Problem to solve » Only some lines are wanted. Transcribe, exactly, the lines below from the line with "j \<gamma> T" up to and including the line with "(\<lambda>r. V r k) s".

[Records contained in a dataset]

----------

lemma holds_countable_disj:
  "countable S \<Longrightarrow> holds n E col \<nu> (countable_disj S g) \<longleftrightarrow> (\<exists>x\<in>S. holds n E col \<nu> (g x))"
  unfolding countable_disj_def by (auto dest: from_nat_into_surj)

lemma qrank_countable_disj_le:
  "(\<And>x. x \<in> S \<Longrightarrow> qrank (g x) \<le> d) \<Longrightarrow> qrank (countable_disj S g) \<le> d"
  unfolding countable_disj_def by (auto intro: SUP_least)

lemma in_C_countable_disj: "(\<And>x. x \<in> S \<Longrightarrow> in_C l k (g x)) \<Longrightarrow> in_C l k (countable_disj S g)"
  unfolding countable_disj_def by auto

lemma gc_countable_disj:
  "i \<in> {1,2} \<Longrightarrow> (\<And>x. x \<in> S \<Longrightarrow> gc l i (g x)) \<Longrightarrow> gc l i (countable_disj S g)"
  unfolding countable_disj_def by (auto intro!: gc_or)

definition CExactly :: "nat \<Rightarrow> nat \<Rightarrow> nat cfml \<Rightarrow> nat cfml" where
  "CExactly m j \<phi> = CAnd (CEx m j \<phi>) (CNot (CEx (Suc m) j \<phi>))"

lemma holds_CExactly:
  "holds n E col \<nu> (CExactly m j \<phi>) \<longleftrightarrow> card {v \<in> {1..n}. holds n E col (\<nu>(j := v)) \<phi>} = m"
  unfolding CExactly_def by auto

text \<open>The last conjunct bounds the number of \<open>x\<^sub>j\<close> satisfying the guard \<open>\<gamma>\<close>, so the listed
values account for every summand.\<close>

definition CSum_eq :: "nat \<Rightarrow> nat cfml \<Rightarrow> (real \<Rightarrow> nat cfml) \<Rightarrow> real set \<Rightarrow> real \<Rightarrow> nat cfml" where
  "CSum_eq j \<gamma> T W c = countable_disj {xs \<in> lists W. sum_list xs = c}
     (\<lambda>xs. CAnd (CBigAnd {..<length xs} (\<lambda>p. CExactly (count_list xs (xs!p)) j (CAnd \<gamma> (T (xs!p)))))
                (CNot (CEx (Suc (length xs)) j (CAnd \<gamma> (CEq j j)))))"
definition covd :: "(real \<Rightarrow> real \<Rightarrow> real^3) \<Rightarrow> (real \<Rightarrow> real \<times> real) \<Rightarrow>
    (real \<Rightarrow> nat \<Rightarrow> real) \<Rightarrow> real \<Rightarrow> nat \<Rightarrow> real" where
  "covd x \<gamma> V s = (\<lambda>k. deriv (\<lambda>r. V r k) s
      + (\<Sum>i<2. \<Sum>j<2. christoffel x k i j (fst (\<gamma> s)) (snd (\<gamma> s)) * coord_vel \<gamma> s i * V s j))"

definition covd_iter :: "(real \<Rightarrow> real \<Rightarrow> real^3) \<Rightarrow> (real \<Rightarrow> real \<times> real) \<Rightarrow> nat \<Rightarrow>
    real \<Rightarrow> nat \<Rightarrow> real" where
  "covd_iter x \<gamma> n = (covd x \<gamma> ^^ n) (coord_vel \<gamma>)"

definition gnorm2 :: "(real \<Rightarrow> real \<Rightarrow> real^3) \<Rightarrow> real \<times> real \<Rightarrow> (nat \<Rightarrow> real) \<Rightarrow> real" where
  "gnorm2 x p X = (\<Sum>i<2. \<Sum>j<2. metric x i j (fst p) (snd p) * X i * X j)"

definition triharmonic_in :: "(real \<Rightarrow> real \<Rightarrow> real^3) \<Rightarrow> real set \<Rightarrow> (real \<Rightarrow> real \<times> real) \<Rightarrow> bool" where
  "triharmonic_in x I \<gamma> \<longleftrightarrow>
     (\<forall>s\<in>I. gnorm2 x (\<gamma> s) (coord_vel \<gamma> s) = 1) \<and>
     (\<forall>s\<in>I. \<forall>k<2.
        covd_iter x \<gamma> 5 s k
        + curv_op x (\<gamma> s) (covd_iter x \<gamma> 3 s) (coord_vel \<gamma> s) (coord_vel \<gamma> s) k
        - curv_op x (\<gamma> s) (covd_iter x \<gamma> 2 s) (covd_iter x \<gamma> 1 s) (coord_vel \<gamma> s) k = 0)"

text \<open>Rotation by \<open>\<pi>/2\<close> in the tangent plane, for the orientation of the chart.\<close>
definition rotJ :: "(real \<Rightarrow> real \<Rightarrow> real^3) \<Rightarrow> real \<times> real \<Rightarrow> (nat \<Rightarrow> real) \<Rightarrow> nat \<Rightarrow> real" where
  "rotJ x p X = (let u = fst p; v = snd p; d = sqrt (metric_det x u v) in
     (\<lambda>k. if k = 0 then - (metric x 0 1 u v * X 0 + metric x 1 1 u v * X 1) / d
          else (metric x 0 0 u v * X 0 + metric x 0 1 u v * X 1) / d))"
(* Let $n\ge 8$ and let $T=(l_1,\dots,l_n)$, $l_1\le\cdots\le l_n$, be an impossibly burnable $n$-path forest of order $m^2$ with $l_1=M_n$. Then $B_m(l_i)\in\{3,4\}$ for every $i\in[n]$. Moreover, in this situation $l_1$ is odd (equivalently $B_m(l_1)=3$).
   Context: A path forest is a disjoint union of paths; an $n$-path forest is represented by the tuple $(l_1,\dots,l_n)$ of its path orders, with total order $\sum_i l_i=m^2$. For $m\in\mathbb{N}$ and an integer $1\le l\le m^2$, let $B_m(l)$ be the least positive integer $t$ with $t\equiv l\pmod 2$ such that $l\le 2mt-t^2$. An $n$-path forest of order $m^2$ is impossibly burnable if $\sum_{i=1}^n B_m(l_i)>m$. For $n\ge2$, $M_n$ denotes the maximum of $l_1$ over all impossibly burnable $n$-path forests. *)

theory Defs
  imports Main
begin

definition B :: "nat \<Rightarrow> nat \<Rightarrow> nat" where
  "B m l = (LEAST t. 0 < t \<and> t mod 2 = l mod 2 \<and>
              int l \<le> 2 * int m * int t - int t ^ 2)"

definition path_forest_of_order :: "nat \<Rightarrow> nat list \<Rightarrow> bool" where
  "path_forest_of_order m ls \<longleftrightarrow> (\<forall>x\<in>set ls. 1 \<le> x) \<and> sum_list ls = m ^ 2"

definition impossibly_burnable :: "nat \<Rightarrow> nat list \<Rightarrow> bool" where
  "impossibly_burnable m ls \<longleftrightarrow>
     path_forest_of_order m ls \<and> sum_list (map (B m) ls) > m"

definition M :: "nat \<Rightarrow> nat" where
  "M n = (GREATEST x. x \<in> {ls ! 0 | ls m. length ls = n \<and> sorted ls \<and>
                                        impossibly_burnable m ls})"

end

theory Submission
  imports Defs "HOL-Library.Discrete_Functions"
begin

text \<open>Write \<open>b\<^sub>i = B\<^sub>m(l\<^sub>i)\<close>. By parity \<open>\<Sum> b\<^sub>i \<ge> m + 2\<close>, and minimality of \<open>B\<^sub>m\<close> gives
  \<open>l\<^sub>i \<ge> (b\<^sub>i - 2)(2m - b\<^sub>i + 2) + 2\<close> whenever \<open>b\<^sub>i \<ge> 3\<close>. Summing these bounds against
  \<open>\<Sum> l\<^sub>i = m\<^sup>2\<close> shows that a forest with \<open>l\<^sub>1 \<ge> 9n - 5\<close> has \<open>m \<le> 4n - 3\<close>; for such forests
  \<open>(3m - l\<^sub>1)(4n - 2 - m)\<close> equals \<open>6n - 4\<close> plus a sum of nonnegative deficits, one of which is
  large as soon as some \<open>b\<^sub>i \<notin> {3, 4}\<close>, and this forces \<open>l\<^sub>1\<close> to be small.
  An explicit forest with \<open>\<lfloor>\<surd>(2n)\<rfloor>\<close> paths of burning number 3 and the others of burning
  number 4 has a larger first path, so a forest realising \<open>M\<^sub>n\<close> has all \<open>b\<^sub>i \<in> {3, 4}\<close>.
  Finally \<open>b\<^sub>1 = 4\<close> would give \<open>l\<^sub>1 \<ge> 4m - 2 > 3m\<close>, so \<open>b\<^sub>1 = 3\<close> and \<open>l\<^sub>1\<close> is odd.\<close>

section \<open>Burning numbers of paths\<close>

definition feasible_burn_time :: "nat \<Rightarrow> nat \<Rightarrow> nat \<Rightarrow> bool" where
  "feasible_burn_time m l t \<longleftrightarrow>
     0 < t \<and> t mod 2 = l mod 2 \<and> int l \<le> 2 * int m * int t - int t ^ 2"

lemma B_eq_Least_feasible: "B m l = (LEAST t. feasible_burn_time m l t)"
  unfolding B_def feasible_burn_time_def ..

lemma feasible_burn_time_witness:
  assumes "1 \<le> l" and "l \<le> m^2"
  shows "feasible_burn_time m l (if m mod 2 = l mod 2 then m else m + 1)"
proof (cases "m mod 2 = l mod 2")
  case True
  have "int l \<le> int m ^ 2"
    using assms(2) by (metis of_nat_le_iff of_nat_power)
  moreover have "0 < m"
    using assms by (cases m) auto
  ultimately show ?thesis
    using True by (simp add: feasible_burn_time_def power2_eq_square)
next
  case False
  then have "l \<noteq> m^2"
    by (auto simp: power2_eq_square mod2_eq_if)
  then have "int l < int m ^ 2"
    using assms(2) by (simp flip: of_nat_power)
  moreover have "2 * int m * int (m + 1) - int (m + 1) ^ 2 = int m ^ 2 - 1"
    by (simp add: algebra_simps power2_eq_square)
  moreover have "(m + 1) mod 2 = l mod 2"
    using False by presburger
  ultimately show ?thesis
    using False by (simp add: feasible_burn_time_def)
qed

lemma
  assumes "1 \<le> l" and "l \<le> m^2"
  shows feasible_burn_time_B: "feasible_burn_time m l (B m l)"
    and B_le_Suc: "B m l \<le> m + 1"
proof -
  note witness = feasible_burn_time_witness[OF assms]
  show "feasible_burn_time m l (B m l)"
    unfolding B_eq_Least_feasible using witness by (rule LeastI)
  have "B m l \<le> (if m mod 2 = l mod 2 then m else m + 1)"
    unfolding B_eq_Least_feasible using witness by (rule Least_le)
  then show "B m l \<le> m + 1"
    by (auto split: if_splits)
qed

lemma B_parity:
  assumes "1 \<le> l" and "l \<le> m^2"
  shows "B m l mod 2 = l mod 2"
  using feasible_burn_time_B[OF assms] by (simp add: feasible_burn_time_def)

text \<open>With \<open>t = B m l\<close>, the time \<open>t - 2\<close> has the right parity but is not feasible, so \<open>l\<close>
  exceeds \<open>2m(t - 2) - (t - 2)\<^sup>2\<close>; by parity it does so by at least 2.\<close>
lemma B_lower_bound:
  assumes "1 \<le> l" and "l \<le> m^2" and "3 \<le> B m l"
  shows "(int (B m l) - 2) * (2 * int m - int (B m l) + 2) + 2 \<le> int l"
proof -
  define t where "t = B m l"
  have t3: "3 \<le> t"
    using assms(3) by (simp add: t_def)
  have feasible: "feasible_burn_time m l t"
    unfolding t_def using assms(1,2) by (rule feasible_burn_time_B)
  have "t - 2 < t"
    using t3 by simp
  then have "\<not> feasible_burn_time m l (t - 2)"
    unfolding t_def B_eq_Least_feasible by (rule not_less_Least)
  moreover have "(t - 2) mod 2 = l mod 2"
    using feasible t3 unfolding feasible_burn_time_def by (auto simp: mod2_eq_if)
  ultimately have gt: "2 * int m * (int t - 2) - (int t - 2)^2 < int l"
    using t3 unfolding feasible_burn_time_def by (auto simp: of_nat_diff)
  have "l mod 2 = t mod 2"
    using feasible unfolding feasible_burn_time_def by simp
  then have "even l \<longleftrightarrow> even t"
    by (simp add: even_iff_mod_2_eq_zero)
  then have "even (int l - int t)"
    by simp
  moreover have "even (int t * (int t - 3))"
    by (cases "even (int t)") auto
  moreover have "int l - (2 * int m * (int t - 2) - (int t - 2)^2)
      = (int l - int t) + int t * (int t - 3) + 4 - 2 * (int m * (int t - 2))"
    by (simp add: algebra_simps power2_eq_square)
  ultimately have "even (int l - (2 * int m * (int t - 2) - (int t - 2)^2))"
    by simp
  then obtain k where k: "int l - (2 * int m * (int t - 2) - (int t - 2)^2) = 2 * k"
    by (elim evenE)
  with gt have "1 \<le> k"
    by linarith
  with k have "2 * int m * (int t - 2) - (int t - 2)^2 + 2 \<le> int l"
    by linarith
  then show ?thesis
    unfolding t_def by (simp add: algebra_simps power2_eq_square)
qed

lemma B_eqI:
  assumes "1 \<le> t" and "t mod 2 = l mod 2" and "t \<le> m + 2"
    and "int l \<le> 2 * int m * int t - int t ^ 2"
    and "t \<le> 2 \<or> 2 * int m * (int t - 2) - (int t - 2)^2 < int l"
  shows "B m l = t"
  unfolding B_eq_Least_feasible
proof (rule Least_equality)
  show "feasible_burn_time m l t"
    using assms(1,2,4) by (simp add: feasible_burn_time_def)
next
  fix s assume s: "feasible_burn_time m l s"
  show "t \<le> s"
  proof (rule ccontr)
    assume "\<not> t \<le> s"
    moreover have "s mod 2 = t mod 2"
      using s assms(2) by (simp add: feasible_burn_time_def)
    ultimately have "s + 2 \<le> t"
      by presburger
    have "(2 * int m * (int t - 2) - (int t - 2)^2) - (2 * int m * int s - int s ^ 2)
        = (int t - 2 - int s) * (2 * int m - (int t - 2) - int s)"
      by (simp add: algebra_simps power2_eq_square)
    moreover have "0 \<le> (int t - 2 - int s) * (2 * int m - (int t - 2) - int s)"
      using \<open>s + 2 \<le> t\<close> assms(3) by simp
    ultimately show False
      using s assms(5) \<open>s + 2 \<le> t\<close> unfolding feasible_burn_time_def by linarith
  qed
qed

----------

Solution to the exercise »
  "CSum_eq j \<gamma> T W c = countable_disj {xs \<in> lists W. sum_list xs = c}
     (\<lambda>xs. CAnd (CBigAnd {..<length xs} (\<lambda>p. CExactly (count_list xs (xs!p)) j (CAnd \<gamma> (T (xs!p)))))
                (CNot (CEx (Suc (length xs)) j (CAnd \<gamma> (CEq j j)))))"
definition covd :: "(real \<Rightarrow> real \<Rightarrow> real^3) \<Rightarrow> (real \<Rightarrow> real \<times> real) \<Rightarrow>
    (real \<Rightarrow> nat \<Rightarrow> real) \<Rightarrow> real \<Rightarrow> nat \<Rightarrow> real" where
  "covd x \<gamma> V s = (\<lambda>k. deriv (\<lambda>r. V r k) s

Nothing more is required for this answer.